▶ [The task]:
Counting from the line that holds "then a uniformly", return each line exactly, through and including the last line of the entries.

Entries taken from a collection:
►

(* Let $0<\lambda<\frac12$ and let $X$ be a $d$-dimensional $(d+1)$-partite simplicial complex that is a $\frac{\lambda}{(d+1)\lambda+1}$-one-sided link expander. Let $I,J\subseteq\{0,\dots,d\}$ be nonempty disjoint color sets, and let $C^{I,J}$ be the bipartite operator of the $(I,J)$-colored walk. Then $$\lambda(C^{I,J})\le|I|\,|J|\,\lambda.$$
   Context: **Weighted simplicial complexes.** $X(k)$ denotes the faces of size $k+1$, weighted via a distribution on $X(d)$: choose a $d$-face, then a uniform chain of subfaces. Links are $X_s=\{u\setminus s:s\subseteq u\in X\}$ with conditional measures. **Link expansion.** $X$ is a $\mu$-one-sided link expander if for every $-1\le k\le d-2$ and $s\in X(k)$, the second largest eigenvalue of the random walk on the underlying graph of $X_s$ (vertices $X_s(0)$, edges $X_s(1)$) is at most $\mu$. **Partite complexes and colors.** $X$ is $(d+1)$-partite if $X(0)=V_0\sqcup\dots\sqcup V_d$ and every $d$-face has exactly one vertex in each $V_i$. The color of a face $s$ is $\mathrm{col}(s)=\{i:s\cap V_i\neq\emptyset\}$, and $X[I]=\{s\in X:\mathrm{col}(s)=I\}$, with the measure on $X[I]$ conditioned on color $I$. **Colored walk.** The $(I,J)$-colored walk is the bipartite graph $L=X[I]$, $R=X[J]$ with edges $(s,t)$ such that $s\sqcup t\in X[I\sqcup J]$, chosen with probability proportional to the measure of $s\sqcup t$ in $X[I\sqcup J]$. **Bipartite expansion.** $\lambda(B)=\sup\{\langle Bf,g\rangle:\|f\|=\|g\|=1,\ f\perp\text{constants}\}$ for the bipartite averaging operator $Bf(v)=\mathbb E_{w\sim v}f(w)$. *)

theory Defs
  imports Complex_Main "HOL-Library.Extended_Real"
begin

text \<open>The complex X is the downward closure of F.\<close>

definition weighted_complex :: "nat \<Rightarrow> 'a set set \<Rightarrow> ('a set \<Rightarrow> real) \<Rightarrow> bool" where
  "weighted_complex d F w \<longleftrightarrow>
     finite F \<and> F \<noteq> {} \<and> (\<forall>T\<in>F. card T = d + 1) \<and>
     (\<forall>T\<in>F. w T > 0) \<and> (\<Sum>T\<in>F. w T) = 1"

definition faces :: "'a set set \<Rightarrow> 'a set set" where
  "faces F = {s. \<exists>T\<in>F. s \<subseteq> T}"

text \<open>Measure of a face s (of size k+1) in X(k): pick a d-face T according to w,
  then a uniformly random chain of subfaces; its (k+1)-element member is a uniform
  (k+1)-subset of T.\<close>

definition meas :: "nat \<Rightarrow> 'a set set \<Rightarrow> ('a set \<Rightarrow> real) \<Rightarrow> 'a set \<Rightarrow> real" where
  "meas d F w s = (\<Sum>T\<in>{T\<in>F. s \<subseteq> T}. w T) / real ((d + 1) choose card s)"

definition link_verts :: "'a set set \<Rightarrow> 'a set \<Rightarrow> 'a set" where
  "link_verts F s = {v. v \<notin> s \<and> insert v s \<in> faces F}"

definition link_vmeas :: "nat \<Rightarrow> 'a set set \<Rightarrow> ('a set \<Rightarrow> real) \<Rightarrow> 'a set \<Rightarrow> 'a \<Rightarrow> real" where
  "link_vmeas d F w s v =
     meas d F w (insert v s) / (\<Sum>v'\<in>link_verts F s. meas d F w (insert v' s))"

◄

▶ [Exercise solution]:
  then a uniformly random chain of subfaces; its (k+1)-element member is a uniform
  (k+1)-subset of T.\<close>

definition meas :: "nat \<Rightarrow> 'a set set \<Rightarrow> ('a set \<Rightarrow> real) \<Rightarrow> 'a set \<Rightarrow> real" where
  "meas d F w s = (\<Sum>T\<in>{T\<in>F. s \<subseteq> T}. w T) / real ((d + 1) choose card s)"

definition link_verts :: "'a set set \<Rightarrow> 'a set \<Rightarrow> 'a set" where
  "link_verts F s = {v. v \<notin> s \<and> insert v s \<in> faces F}"

definition link_vmeas :: "nat \<Rightarrow> 'a set set \<Rightarrow> ('a set \<Rightarrow> real) \<Rightarrow> 'a set \<Rightarrow> 'a \<Rightarrow> real" where
  "link_vmeas d F w s v =
     meas d F w (insert v s) / (\<Sum>v'\<in>link_verts F s. meas d F w (insert v' s))"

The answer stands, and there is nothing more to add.